Type: Bug Priority: Critical
Reporter: Elena Stepanova Assignee: Kristian Nielsen
Resolution: Fixed Votes: 0
Labels: gtid, replication

Issue Links:
Relates
relates to MDEV-26 Global transaction ID Closed

 Description   

sql_slave_skip_counter seems to be completely ignored when slave is configured to use GTID. It might be not such a bad thing, but then I suppose a warning or an error should be produced on slave start if sql_slave_skip_counter was previously set to a non-zero value.

--source include/have_innodb.inc
--source include/have_binlog_format_statement.inc
 
--let $rpl_topology=1->2
--source include/rpl_init.inc
 
--echo [master]
create table t1 (i int) engine=InnoDB;
--save_master_pos
 
--echo [slave]
--connection server_2
--sync_with_master
--source include/stop_slave.inc
change master to master_use_gtid=current_pos;
set global sql_slave_skip_counter = 4;
--source include/start_slave.inc
 
--connection server_1
insert into t1 values (1);
insert into t1 values (2);
insert into t1 values (3);
--save_master_pos
 
--connection server_2
--sync_with_master
select * from t1;
show binlog events;
 
--connection server_1
#show binlog events;
drop table t1;
--source include/rpl_end.inc

cnf

!include suite/rpl/rpl_1slave_base.cnf
!include include/default_client.cnf
 
[mysqld.1]
log-slave-updates
 
[mysqld.2]
log-slave-updates

bzr version-info

revision-id: timour@askmonty.org-20130821075108-33rptvhha6vfjzd8
revno: 3681
branch-nick: 10.0-base



 Comments   
Comment by Jeremy Cole [ 2013-09-28 ]

I would say that START SLAVE should produce a fatal error and not start the slave if sql_slave_skip_counter is non-zero. Otherwise, the DBA may be surprised at the outcome.
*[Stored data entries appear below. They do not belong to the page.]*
(* Let $\Omega\subset\mathbb{R}^n$ be a bounded domain with the uniform $C^1$-regularity property, $\Delta t>0$, $V=W^3(\mathrm{div};\Omega)$, $Q=L^{3/2}(\Omega)$. Let $f^k\in L^3(\Omega)$, $S_b^k\in W^{1/3,3/2}(\partial\Omega)$, $S^{k-1}\in L^{3/2}(\Omega)$, and $\phi,\alpha^k,\beta^k,\gamma^k,\gamma^{k-1}\in L^\infty(\Omega)$ with $0<\underline{\phi}\le\phi\le\overline{\phi}<\infty$, $0<\underline{\alpha}\le\alpha^k\le\overline{\alpha}<\infty$, $0<\underline{\beta}\le\beta^k\le\overline{\beta}<\infty$, $0<\underline{\gamma}\le\gamma^k,\gamma^{k-1}\le\overline{\gamma}<\infty$ a.e. For $\varepsilon>0$ let $(\mathbf{m}_\varepsilon,S_\varepsilon)\in V\times Q$ be the unique solution of $$\int_\Omega(\alpha^k+\beta^k|\mathbf{m}_\varepsilon|)(\mathbf{m}_\varepsilon\cdot\mathbf{v})\,d\mathbf{x}+\varepsilon\int_\Omega|\mathrm{div}\,\mathbf{m}_\varepsilon|\,\mathrm{div}\,\mathbf{m}_\varepsilon\,\mathrm{div}\,\mathbf{v}\,d\mathbf{x}-\int_\Omega\mathrm{div}(\mathbf{v})S_\varepsilon\,d\mathbf{x}=-\int_{\partial\Omega}S_b^k(\mathbf{v}\cdot\mathbf{n})\,d\sigma\quad\forall\mathbf{v}\in V,$$ $$\int_\Omega\frac{\phi\gamma^k}{\Delta t}\frac{S_\varepsilon}{\sqrt{|S_\varepsilon|}}q\,d\mathbf{x}+\int_\Omega\mathrm{div}(\mathbf{m}_\varepsilon)q\,d\mathbf{x}=\int_\Omega\Big(f^k+\frac{\phi\gamma^{k-1}}{\Delta t}\frac{S^{k-1}}{\sqrt{|S^{k-1}|}}\Big)q\,d\mathbf{x}\quad\forall q\in Q.$$ Then there exist constants $\mathcal{K}_{\mathbf{m}},\mathcal{K}_S$, independent of $\varepsilon$, such that $\|\mathbf{m}_\varepsilon\|_V\le\mathcal{K}_{\mathbf{m}}$ and $\|S_\varepsilon\|_Q\le\mathcal{K}_S$ for every $\varepsilon>0$.
   Context: $W^3(\mathrm{div};\Omega):=\{\mathbf{v}\in(L^3(\Omega))^n:\mathrm{div}(\mathbf{v})\in L^3(\Omega)\}$ with norm $\|\mathbf{v}\|_V=(\|\mathbf{v}\|_{L^3}^3+\|\mathrm{div}\,\mathbf{v}\|_{L^3}^3)^{1/3}$; $\|\cdot\|_Q$ is the $L^{3/2}$ norm. The normal trace $\mathbf{v}\cdot\mathbf{n}$ lies in $(W^{1/3,3/2}(\partial\Omega))'$ and the boundary integral denotes the duality pairing. $p/\sqrt{|p|}:=0$ where $p=0$. *)

theory Defs
  imports "HOL-Analysis.Analysis"
begin

definition Lp :: "real \<Rightarrow> (real^'n) set \<Rightarrow> (real^'n \<Rightarrow> real) set" where
  "Lp p \<Omega> = {f. set_borel_measurable lebesgue \<Omega> f \<and>
                 set_integrable lebesgue \<Omega> (\<lambda>x. \<bar>f x\<bar> powr p)}"

definition Lp_vec :: "real \<Rightarrow> (real^'n) set \<Rightarrow> (real^'n \<Rightarrow> real^'n) set" where
  "Lp_vec p \<Omega> = {v. set_borel_measurable lebesgue \<Omega> v \<and>
                     set_integrable lebesgue \<Omega> (\<lambda>x. norm (v x) powr p)}"

definition Lp_norm :: "real \<Rightarrow> (real^'n) set \<Rightarrow> (real^'n \<Rightarrow> real) \<Rightarrow> real" where
  "Lp_norm p \<Omega> f = (LINT x:\<Omega>|lebesgue. \<bar>f x\<bar> powr p) powr (1 / p)"

definition ess_bounded_between :: "(real^'n) set \<Rightarrow> real \<Rightarrow> real \<Rightarrow> (real^'n \<Rightarrow> real) \<Rightarrow> bool" where
  "ess_bounded_between \<Omega> lo hi c \<longleftrightarrow> set_borel_measurable lebesgue \<Omega> c \<and>
     (AE x in lebesgue. x \<in> \<Omega> \<longrightarrow> lo \<le> c x \<and> c x \<le> hi)"

definition pd :: "'n::finite \<Rightarrow> (real^'n \<Rightarrow> real) \<Rightarrow> real^'n \<Rightarrow> real" where
  "pd i f x = frechet_derivative f (at x) (axis i 1)"
(* Let $\mu,\nu\in\mathcal M^+_b(\Omega)$ with $\mu\perp\nu$, and let $E:=\{x\in\Omega: G\mu(x)=G\nu(x)=+\infty\}$. Then $$\lim_{r\to0^+}\frac{\frac{1}{\mathrm{meas}(B_r(x))}\int_{B_r(x)}G\nu\,dy}{\frac{1}{\mathrm{meas}(B_r(x))}\int_{B_r(x)}G\mu\,dy}=0\qquad\text{for }\mu\text{-a.e. }x\in E.$$
   Context: $\Omega\subset\mathbb R^N$, $N\ge2$, is a bounded open set; $B_r(x)$ is the open ball of centre $x$ and radius $r$. $G$ is the fundamental solution of $-\Delta$: $G(|x|)=\frac{1}{(N-2)\sigma_{N-1}}|x|^{2-N}$ if $N>2$, and $G(|x|)=\frac1{2\pi}\log\frac1{|x|}$ if $N=2$, where $\sigma_{N-1}$ is the $(N-1)$-dimensional measure of the unit sphere. For $\mu\in\mathcal M^+_b(\Omega)$ (non-negative bounded Radon measures on $\Omega$), $G\mu(x)=\int_\Omega G(|x-y|)\,d\mu(y)$ for $x\in\mathbb R^N$. *)

theory Defs
  imports "HOL-Analysis.Analysis"
begin

text \<open>(N-1)-dimensional measure of the unit sphere in R^N: sigma_{N-1} = N * |B_1|.\<close>
definition sphere_area :: "'a::euclidean_space itself \<Rightarrow> real" where
  "sphere_area T = real DIM('a) * measure lborel (ball (0::'a) 1)"

text \<open>Fundamental solution G(|x-y|) of -Laplace, with value +infinity on the diagonal.\<close>
definition Gfund :: "'a::euclidean_space \<Rightarrow> 'a \<Rightarrow> ereal" where
  "Gfund x y = (let r = norm (x - y) in
     if r = 0 then \<infinity>
     else if DIM('a) = 2 then ereal (ln (1 / r) / (2 * pi))
     else ereal (r powr (2 - real DIM('a)) / ((real DIM('a) - 2) * sphere_area TYPE('a))))"

definition Gpot :: "'a::euclidean_space measure \<Rightarrow> 'a \<Rightarrow> ereal" where
  "Gpot \<mu> x = enn2ereal (\<integral>\<^sup>+ y. e2ennreal (Gfund x y) \<partial>\<mu>)
              - enn2ereal (\<integral>\<^sup>+ y. e2ennreal (- Gfund x y) \<partial>\<mu>)"

definition ball_avg :: "('a::euclidean_space \<Rightarrow> ereal) \<Rightarrow> 'a \<Rightarrow> real \<Rightarrow> real" where
  "ball_avg f x r = (1 / measure lborel (ball x r)) *
                    (\<integral> y \<in> ball x r. real_of_ereal (f y) \<partial>lborel)"

end

theory Submission
  imports Defs
begin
Comment by Kristian Nielsen [ 2014-02-11 ]

> I would say that START SLAVE should produce a fatal error and not start the
> slave if sql_slave_skip_counter is non-zero. Otherwise, the DBA may be
> surprised at the outcome.

Are you saying that slave_skip_counter should not be supported at all for
GTID?

Clearly, it should not be just ignored. But if it worked correctly (skipping
the requested number of events and continuing replication normally after
that), would you still want to prevent it?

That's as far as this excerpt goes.